Looking to help understand MTHFR and what I can do about it. Could someone help me understand that a bit more?
My take on Mthfr…
Most people have at least one(or several) variants for Mthfr, therefore it’s highly unlikely that it’s the cause of anyone’s problems. If there are Mthfr mutations or variants that cause health issues, they’re not the ones showing up on tests like 23andme. Here’s a pretty good write up about it(by a company who wants to sell you a product! So if there were a shred of evidence that Mthfr was real, they wouldn’t be downplaying it. They would encourage people to buy tests so they can see if they have it!)
https://blog.23andme.com/health-traits/our-take-on-the-mthfr-gene/
Thanks for the reply. My only concern is that I have been doing research on
MTHFR and found out I have a homogeneous mutation as shown below. And just
trying to understand how much methylfolate and b vitamins I should be
taking.
MTHFR C677T https://livewello.com/snp/rs1801133 rs1801133
https://livewello.com/snp/rs1801133 A
http://www.ncbi.nlm.nih.gov/SNP/snp_ref.cgi?rs=rs1801133 GG
https://www.23andme.com/you/explorer/snp/?snp_name=rs1801133 -/-
MTHFR A1298C https://livewello.com/snp/rs1801131 rs1801131
https://livewello.com/snp/rs1801131 G
http://www.ncbi.nlm.nih.gov/SNP/snp_ref.cgi?rs=rs1801131 GG
https://www.23andme.com/you/explorer/snp/?snp_name=rs1801131 +/+
There is only one MTHFR mutation that has been shown, be reliable, repeatable, studies to have any potential for adverse effects.

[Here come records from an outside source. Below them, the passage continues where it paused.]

section \<open>Solving the inhomogeneous Cauchy-Riemann equation\<close>

lemma has_vector_derivative_circle_integral:
  fixes C :: "complex \<Rightarrow> 'a::banach" and DC :: "complex \<Rightarrow> complex \<Rightarrow>\<^sub>L 'a"
  assumes deriv: "\<And>p. (C has_derivative DC p) (at p)"
    and cont: "continuous_on UNIV DC"
  shows "((\<lambda>r. integral {0..2*pi} (\<lambda>\<theta>. C (z + of_real r * cis \<theta>))) has_vector_derivative
           integral {0..2*pi} (\<lambda>\<theta>. DC (z + of_real r * cis \<theta>) (cis \<theta>))) (at r)"
proof -
  have contC: "continuous_on UNIV C"
    by (rule continuous_at_imp_continuous_on) (use deriv has_derivative_continuous in blast)
  have "((\<lambda>r. integral (cbox 0 (2*pi)) (\<lambda>\<theta>. C (z + of_real r * cis \<theta>))) has_vector_derivative
           integral (cbox 0 (2*pi)) (\<lambda>\<theta>. DC (z + of_real r * cis \<theta>) (cis \<theta>))) (at r within UNIV)"
  proof (rule leibniz_rule_vector_derivative)
    fix s \<theta> :: real
    have "((\<lambda>s. z + of_real s * cis \<theta>) has_derivative (\<lambda>h. h *\<^sub>R cis \<theta>)) (at s)"
      unfolding scaleR_conv_of_real[symmetric] by (rule derivative_eq_intros refl | simp)+
    from has_derivative_compose[OF this deriv]
    show "((\<lambda>s. C (z + of_real s * cis \<theta>)) has_vector_derivative DC (z + of_real s * cis \<theta>) (cis \<theta>))
        (at s within UNIV)"
      by (simp add: has_vector_derivative_def blinfun.scaleR_right o_def)
  next
    fix s :: real
    show "(\<lambda>\<theta>. C (z + of_real s * cis \<theta>)) integrable_on cbox 0 (2*pi)"
      by (intro integrable_continuous continuous_on_compose2[OF contC] continuous_intros) auto
  next
    show "continuous_on (UNIV \<times> cbox 0 (2 * pi)) (\<lambda>(s, \<theta>). DC (z + of_real s * cis \<theta>) (cis \<theta>))"
      unfolding split_beta by (intro continuous_intros continuous_on_compose2[OF cont]) auto
  qed auto
  then show ?thesis by (simp add: cbox_interval)
qed

lemma circle_integral_tangential_derivative_eq_0:
  fixes C :: "complex \<Rightarrow> 'a::banach"
  assumes deriv: "\<And>p. (C has_derivative DC p) (at p)" and r: "r \<noteq> 0"
  shows "((\<lambda>\<theta>. DC (z + of_real r * cis \<theta>) (\<i> * cis \<theta>)) has_integral 0) {0..2*pi}"
proof -
  have lin: "linear (DC p)" for p
    using deriv has_derivative_linear by blast
  have "((\<lambda>\<theta>. C (z + of_real r * cis \<theta>)) has_vector_derivative
      r *\<^sub>R DC (z + of_real r * cis \<theta>) (\<i> * cis \<theta>)) (at \<theta> within {0..2*pi})" for \<theta>
  proof -
    have "((\<lambda>\<theta>. z + of_real r * cis \<theta>) has_derivative (\<lambda>h. h *\<^sub>R (r *\<^sub>R (\<i> * cis \<theta>))))
        (at \<theta> within {0..2*pi})"
      by (rule derivative_eq_intros refl | simp add: fun_eq_iff scaleR_conv_of_real algebra_simps)+
    from has_derivative_compose[OF this deriv]
    show ?thesis
      by (simp add: has_vector_derivative_def o_def linear_scale[OF lin])
  qed
  then have "((\<lambda>\<theta>. r *\<^sub>R DC (z + of_real r * cis \<theta>) (\<i> * cis \<theta>)) has_integral 0) {0..2*pi}"
    using fundamental_theorem_of_calculus[of 0 "2*pi" "\<lambda>\<theta>. C (z + of_real r * cis \<theta>)"]
    by (simp add: cis_2pi)
  from has_integral_cmul[OF this, of "1/r"] r show ?thesis
    by simp
qed

text \<open>In polar coordinates \<open>\<zeta> = z + r cis \<theta>\<close> the area element \<open>r dr d\<theta>\<close> cancels the Cauchy kernel
  \<open>1 / (\<zeta> - z) = cis (-\<theta>) / r\<close>; this is the Cauchy-Pompeiu formula for \<open>C\<close> vanishing on the
  circle of radius \<open>R\<close>.\<close>
lemma cauchy_pompeiu_polar:
  fixes DC :: "complex \<Rightarrow> complex \<Rightarrow>\<^sub>L complex"
  assumes deriv: "\<And>p. (C has_derivative DC p) (at p)"
    and cont: "continuous_on UNIV DC"
    and R: "0 \<le> R" and vanish: "\<And>\<theta>. C (z + of_real R * cis \<theta>) = 0"
  shows "integral (cbox (0, 0) (R, 2*pi))
           (\<lambda>(r, \<theta>). dbar_linear (DC (z + of_real r * cis \<theta>)) * cis (- \<theta>)) = - of_real pi * C z"
proof -
  define H where "H = (\<lambda>(r, \<theta>). dbar_linear (DC (z + of_real r * cis \<theta>)) * cis (- \<theta>))"
  define F where "F r = integral {0..2*pi} (\<lambda>\<theta>. C (z + of_real r * cis \<theta>))" for r
  define F' where "F' r = integral {0..2*pi} (\<lambda>\<theta>. DC (z + of_real r * cis \<theta>) (cis \<theta>))" for r
  have "continuous_on (cbox (0, 0) (R, 2*pi)) H"
    unfolding H_def dbar_linear_def split_beta
    by (intro continuous_intros continuous_on_compose2[OF cont]) auto
  from integral_prod_continuous[OF this]
  have fubini:
    "integral (cbox (0, 0) (R, 2*pi)) H = integral {0..R} (\<lambda>r. integral {0..2*pi} (\<lambda>\<theta>. H (r, \<theta>)))"
    by (simp add: cbox_interval)
  have inner: "((\<lambda>\<theta>. H (r, \<theta>)) has_integral F' r / 2) {0..2*pi}" if "r \<noteq> 0" for r
  proof -
    have "((\<lambda>\<theta>. DC (z + of_real r * cis \<theta>) (cis \<theta>)) has_integral F' r) {0..2*pi}"
      unfolding F'_def
      by (intro integrable_integral integrable_continuous_interval continuous_intros
          continuous_on_compose2[OF cont]) auto
    moreover have "((\<lambda>\<theta>. DC (z + of_real r * cis \<theta>) (\<i> * cis \<theta>)) has_integral 0) {0..2*pi}"
      by (rule circle_integral_tangential_derivative_eq_0[OF deriv that])
    ultimately have "((\<lambda>\<theta>. (DC (z + of_real r * cis \<theta>) (cis \<theta>)
        + \<i> * DC (z + of_real r * cis \<theta>) (\<i> * cis \<theta>)) / 2)
        has_integral (F' r + \<i> * 0) / 2) {0..2*pi}"
      by (intro has_integral_divide has_integral_add has_integral_mult_right)
    then show ?thesis
      by (simp add: H_def dbar_linear_rotate[OF bounded_linear.linear[OF blinfun.bounded_linear_right]])
  qed
  have "(F has_vector_derivative F' r) (at r within {0..R})" for r
    unfolding F_def F'_def
    by (rule has_vector_derivative_at_within,
        rule has_vector_derivative_circle_integral[OF deriv cont])
  then have "(F' has_integral F R - F 0) {0..R}"
    by (intro fundamental_theorem_of_calculus R)
  then have "((\<lambda>r. F' r / 2) has_integral (F R - F 0) / 2) {0..R}"
    by (rule has_integral_divide)
  then have "((\<lambda>r. integral {0..2*pi} (\<lambda>\<theta>. H (r, \<theta>))) has_integral (F R - F 0) / 2) {0..R}"
    by (rule has_integral_spike_finite[where S="{0}", rotated 2])
      (use integral_unique[OF inner] in auto)
  moreover have "F R = 0" and "F 0 = of_real (2*pi) * C z"
    by (simp_all add: F_def vanish scaleR_conv_of_real)
  ultimately show ?thesis
    using fubini by (simp add: H_def integral_unique)
qed

lemma dbar_linear_integral:
  fixes F :: "'a::euclidean_space \<Rightarrow> complex \<Rightarrow>\<^sub>L complex"
  assumes "F integrable_on S"
  shows "dbar_linear (integral S F) = integral S (\<lambda>t. dbar_linear (F t))"
proof -
  have "bounded_linear (\<lambda>T :: complex \<Rightarrow>\<^sub>L complex. dbar_linear T)"
    unfolding dbar_linear_def
    by (intro bounded_linear_compose[OF bounded_linear_divide] bounded_linear_add
        bounded_linear_compose[OF bounded_linear_mult_right] blinfun.bounded_linear_left)
  from integral_linear[OF assms this] show ?thesis
    by (simp add: o_def)
qed
theorem mainTheorem7:
  fixes n :: nat and c \<Delta> :: real and I :: "'i set" and v :: "'i \<Rightarrow> 'v::euclidean_space"
  assumes "n \<ge> 2" and "c \<ge> 1" and "\<Delta> > 0"
    and "finite I" and "card I \<le> n"
    and "\<forall>i\<in>I. 1 / (real n)^2 \<le> norm (v i) \<and> norm (v i) \<le> 2 * sqrt (real n)"
    and "\<forall>i\<in>I. expected_degree I v i \<le> c"
    and "expected_triangles I v \<ge> \<Delta> * real n / 2"
  shows "let Vr = (\<lambda>r::int. {i \<in> I. 2 powr (real_of_int r) \<le> norm (v i)
                                 \<and> norm (v i) < 2 powr (real_of_int r + 1)});
             R = {r::int. real (card (Vr r)) \<ge> (\<Delta> / (60 * c^2)) * (real n / lg (real n))};
             I'' = (\<Union>r\<in>R. Vr r)
         in expected_triangles I'' v \<ge> \<Delta> * real n / 8"
proof -
  define t where "t = (\<Delta> / (60 * c^2)) * (real n / lg (real n))"
  define Vr where "Vr r = {i \<in> I. 2 powr (real_of_int r) \<le> norm (v i) \<and> norm (v i) < 2 powr (real_of_int r + 1)}"
    for r :: int
  define I'' where "I'' = (\<Union>r\<in>{r. t \<le> real (card (Vr r))}. Vr r)"
  have lg: "1 \<le> lg (real n)"
    using assms(1) by (simp add: lg_def)
  then have "real (card (I - I'')) \<le> 11 / 2 * lg (real n) * t"
    unfolding I''_def Vr_def using assms(1,3,4,6)
    by (intro card_outside_large_dyadic_shells_lg) (simp_all add: t_def)
  then have "real (card (I - I'')) * c^2 \<le> 11 / 2 * lg (real n) * t * c^2"
    by (rule mult_right_mono) simp
  also have "\<dots> = 11 / 120 * \<Delta> * real n"
    using lg assms(2) by (simp add: t_def field_simps power2_eq_square)
  finally have "expected_triangles I v \<le> expected_triangles I'' v + 11 / 120 * \<Delta> * real n"
    using expected_triangles_le_subset[of I I'' v c] assms(4,7) unfolding I''_def Vr_def by force
  moreover have "0 \<le> \<Delta> * real n"
    using assms(3) by simp
  ultimately have "\<Delta> * real n / 8 \<le> expected_triangles I'' v"
    using assms(8) by linarith
  then show ?thesis
    unfolding Let_def I''_def Vr_def t_def by simp
qed

end
lemma exists_decay_power_gt:
  assumes "c < exp (- 1)"
  obtains m where "m \<ge> 1" "c < decay m ^ m"
proof -
  have "(\<lambda>m. decay m ^ m) \<longlonglongrightarrow> exp (- 1)"
    using tendsto_exp_limit_sequentially[of "- 1"] by (simp add: decay_def)
  then have "eventually (\<lambda>m. c < decay m ^ m \<and> m \<ge> 1) sequentially"
    using assms by (intro eventually_conj order_tendstoD(1) eventually_ge_at_top)
  then obtain N where "\<forall>m\<ge>N. c < decay m ^ m \<and> m \<ge> 1"
    unfolding eventually_sequentially by blast
  then show ?thesis
    using that by blast
qed

lemma two_decay_power_le_one:
  assumes "m \<ge> 1"
  shows "2 * decay m ^ m \<le> 1"
proof -
  have "0 \<le> (\<Sum>v\<in>{0..m}. level_prob m v * cost_level m v)"
    using level_prob_nonneg[OF assms] cost_level_bounds[OF assms]
    by (intro sum_nonneg mult_nonneg_nonneg) auto
  then show ?thesis
    using expected_cost_level[OF assms] by simp
qed

text \<open>A discrete Myerson bound: the truthfulness constraints between adjacent cost levels
telescope down from the top level, where individual rationality applies.\<close>

lemma payment_ge_cost_level_ladder:
  assumes top: "cost_level m m * X m \<le> P m"
    and adjacent: "\<And>j. j < m \<Longrightarrow> P (Suc j) + cost_level m j * X j \<le> P j + cost_level m j * X (Suc j)"
    and "j \<le> m"
  shows "cost_level m j * X j + (\<Sum>l\<in>{Suc j..m}. level_gap m l * X l) \<le> P j"
  using \<open>j \<le> m\<close>
proof (induction j rule: inc_induct)
  case base
  then show ?case using top by simp
next
  case (step j)
  have "(\<Sum>l\<in>{Suc j..m}. level_gap m l * X l)
      = (cost_level m (Suc j) - cost_level m j) * X (Suc j) + (\<Sum>l\<in>{Suc (Suc j)..m}. level_gap m l * X l)"
    using step.hyps by (simp add: sum.atLeast_Suc_atMost level_gap_def)
  then show ?case
    using step.IH adjacent[OF step.hyps(2)] by (simp add: algebra_simps)
qed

That’s being homozygous for C677T.
You have that mutation, as do 9% of the population, as do I. If you research the science, rather than speculative clickbait websites, you’ll find just what that mutation means.
Being homozygous for C677T means that the MTHFR enzyme is more thermally labile. That means it is only about 30% efficient at converting methylenetetrahydrofolate to Methyltetrahydrofolate. But, for most people, the body can handle that just by making more of the enzyme.
For the small number of people who do have a problem it can be easily fixed by supplementing with methylfolate.
As I said, I have this mutation. I took methylfolate for two years. Then I switched to folic acid for three months. I noticed no difference at all.
Appreciate the response Frank. Have you discovered anything useful from
your results or personal changes that made a positive affect on your life?